+++ GIVEN RECORDS

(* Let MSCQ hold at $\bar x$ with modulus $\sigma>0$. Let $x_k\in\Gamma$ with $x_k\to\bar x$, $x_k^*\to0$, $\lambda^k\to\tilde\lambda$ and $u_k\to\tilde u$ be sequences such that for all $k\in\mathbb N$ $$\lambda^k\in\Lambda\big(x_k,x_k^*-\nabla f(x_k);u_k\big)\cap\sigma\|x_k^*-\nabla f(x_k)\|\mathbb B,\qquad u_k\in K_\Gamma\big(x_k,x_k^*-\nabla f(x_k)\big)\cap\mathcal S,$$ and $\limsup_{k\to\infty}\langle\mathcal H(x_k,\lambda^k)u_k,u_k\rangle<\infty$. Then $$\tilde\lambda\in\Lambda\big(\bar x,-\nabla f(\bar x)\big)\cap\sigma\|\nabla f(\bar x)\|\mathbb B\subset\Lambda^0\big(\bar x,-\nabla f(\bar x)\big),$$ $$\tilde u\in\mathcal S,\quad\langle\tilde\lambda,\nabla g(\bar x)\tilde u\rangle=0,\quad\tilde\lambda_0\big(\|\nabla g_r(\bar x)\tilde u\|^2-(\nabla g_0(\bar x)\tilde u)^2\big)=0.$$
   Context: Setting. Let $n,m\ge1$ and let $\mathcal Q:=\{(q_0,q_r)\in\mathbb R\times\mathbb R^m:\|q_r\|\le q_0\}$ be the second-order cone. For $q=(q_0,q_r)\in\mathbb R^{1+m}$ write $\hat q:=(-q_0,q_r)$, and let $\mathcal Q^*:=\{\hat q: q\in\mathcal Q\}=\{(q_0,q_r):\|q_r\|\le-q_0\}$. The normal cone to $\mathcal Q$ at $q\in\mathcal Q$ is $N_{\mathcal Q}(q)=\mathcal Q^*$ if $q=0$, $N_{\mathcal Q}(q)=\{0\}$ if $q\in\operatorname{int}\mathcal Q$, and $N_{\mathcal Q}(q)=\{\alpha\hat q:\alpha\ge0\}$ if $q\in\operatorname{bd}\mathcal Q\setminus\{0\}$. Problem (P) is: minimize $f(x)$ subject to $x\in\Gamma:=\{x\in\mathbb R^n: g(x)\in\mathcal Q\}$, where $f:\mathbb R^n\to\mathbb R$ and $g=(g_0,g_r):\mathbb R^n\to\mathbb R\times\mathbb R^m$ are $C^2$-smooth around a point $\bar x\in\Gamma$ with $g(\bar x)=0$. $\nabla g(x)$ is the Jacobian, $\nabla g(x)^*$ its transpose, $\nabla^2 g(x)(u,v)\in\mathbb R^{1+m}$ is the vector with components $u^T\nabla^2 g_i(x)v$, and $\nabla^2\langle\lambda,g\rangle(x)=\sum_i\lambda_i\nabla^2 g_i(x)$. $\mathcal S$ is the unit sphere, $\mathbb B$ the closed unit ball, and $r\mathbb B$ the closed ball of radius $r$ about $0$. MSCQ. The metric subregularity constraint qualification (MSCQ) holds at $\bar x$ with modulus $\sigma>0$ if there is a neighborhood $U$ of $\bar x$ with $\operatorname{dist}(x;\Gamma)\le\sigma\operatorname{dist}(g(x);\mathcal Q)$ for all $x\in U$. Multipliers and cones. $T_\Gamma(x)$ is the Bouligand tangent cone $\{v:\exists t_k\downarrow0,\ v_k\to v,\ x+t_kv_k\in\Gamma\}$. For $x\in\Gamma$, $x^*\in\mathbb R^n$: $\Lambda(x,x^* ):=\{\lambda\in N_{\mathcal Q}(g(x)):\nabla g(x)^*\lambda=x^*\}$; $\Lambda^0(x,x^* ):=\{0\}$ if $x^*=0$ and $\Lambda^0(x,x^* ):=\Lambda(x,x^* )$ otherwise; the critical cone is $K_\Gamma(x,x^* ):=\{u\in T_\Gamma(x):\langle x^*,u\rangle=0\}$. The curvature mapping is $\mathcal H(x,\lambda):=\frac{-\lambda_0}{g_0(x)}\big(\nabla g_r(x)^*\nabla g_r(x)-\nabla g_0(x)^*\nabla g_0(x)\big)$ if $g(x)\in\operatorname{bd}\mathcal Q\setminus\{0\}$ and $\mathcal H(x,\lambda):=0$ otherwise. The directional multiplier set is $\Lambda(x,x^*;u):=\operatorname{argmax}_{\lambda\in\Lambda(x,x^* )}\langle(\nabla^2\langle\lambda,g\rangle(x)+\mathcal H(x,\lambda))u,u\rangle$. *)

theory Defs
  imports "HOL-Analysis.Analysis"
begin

++++++

The only acceptable answer is the full set of entries, repeated exactly.

## ANSWER SPACE
(* Let MSCQ hold at $\bar x$ with modulus $\sigma>0$. Let $x_k\in\Gamma$ with $x_k\to\bar x$, $x_k^*\to0$, $\lambda^k\to\tilde\lambda$ and $u_k\to\tilde u$ be sequences such that for all $k\in\mathbb N$ $$\lambda^k\in\Lambda\big(x_k,x_k^*-\nabla f(x_k);u_k\big)\cap\sigma\|x_k^*-\nabla f(x_k)\|\mathbb B,\qquad u_k\in K_\Gamma\big(x_k,x_k^*-\nabla f(x_k)\big)\cap\mathcal S,$$ and $\limsup_{k\to\infty}\langle\mathcal H(x_k,\lambda^k)u_k,u_k\rangle<\infty$. Then $$\tilde\lambda\in\Lambda\big(\bar x,-\nabla f(\bar x)\big)\cap\sigma\|\nabla f(\bar x)\|\mathbb B\subset\Lambda^0\big(\bar x,-\nabla f(\bar x)\big),$$ $$\tilde u\in\mathcal S,\quad\langle\tilde\lambda,\nabla g(\bar x)\tilde u\rangle=0,\quad\tilde\lambda_0\big(\|\nabla g_r(\bar x)\tilde u\|^2-(\nabla g_0(\bar x)\tilde u)^2\big)=0.$$
   Context: Setting. Let $n,m\ge1$ and let $\mathcal Q:=\{(q_0,q_r)\in\mathbb R\times\mathbb R^m:\|q_r\|\le q_0\}$ be the second-order cone. For $q=(q_0,q_r)\in\mathbb R^{1+m}$ write $\hat q:=(-q_0,q_r)$, and let $\mathcal Q^*:=\{\hat q: q\in\mathcal Q\}=\{(q_0,q_r):\|q_r\|\le-q_0\}$. The normal cone to $\mathcal Q$ at $q\in\mathcal Q$ is $N_{\mathcal Q}(q)=\mathcal Q^*$ if $q=0$, $N_{\mathcal Q}(q)=\{0\}$ if $q\in\operatorname{int}\mathcal Q$, and $N_{\mathcal Q}(q)=\{\alpha\hat q:\alpha\ge0\}$ if $q\in\operatorname{bd}\mathcal Q\setminus\{0\}$. Problem (P) is: minimize $f(x)$ subject to $x\in\Gamma:=\{x\in\mathbb R^n: g(x)\in\mathcal Q\}$, where $f:\mathbb R^n\to\mathbb R$ and $g=(g_0,g_r):\mathbb R^n\to\mathbb R\times\mathbb R^m$ are $C^2$-smooth around a point $\bar x\in\Gamma$ with $g(\bar x)=0$. $\nabla g(x)$ is the Jacobian, $\nabla g(x)^*$ its transpose, $\nabla^2 g(x)(u,v)\in\mathbb R^{1+m}$ is the vector with components $u^T\nabla^2 g_i(x)v$, and $\nabla^2\langle\lambda,g\rangle(x)=\sum_i\lambda_i\nabla^2 g_i(x)$. $\mathcal S$ is the unit sphere, $\mathbb B$ the closed unit ball, and $r\mathbb B$ the closed ball of radius $r$ about $0$. MSCQ. The metric subregularity constraint qualification (MSCQ) holds at $\bar x$ with modulus $\sigma>0$ if there is a neighborhood $U$ of $\bar x$ with $\operatorname{dist}(x;\Gamma)\le\sigma\operatorname{dist}(g(x);\mathcal Q)$ for all $x\in U$. Multipliers and cones. $T_\Gamma(x)$ is the Bouligand tangent cone $\{v:\exists t_k\downarrow0,\ v_k\to v,\ x+t_kv_k\in\Gamma\}$. For $x\in\Gamma$, $x^*\in\mathbb R^n$: $\Lambda(x,x^* ):=\{\lambda\in N_{\mathcal Q}(g(x)):\nabla g(x)^*\lambda=x^*\}$; $\Lambda^0(x,x^* ):=\{0\}$ if $x^*=0$ and $\Lambda^0(x,x^* ):=\Lambda(x,x^* )$ otherwise; the critical cone is $K_\Gamma(x,x^* ):=\{u\in T_\Gamma(x):\langle x^*,u\rangle=0\}$. The curvature mapping is $\mathcal H(x,\lambda):=\frac{-\lambda_0}{g_0(x)}\big(\nabla g_r(x)^*\nabla g_r(x)-\nabla g_0(x)^*\nabla g_0(x)\big)$ if $g(x)\in\operatorname{bd}\mathcal Q\setminus\{0\}$ and $\mathcal H(x,\lambda):=0$ otherwise. The directional multiplier set is $\Lambda(x,x^*;u):=\operatorname{argmax}_{\lambda\in\Lambda(x,x^* )}\langle(\nabla^2\langle\lambda,g\rangle(x)+\mathcal H(x,\lambda))u,u\rangle$. *)

theory Defs
  imports "HOL-Analysis.Analysis"
begin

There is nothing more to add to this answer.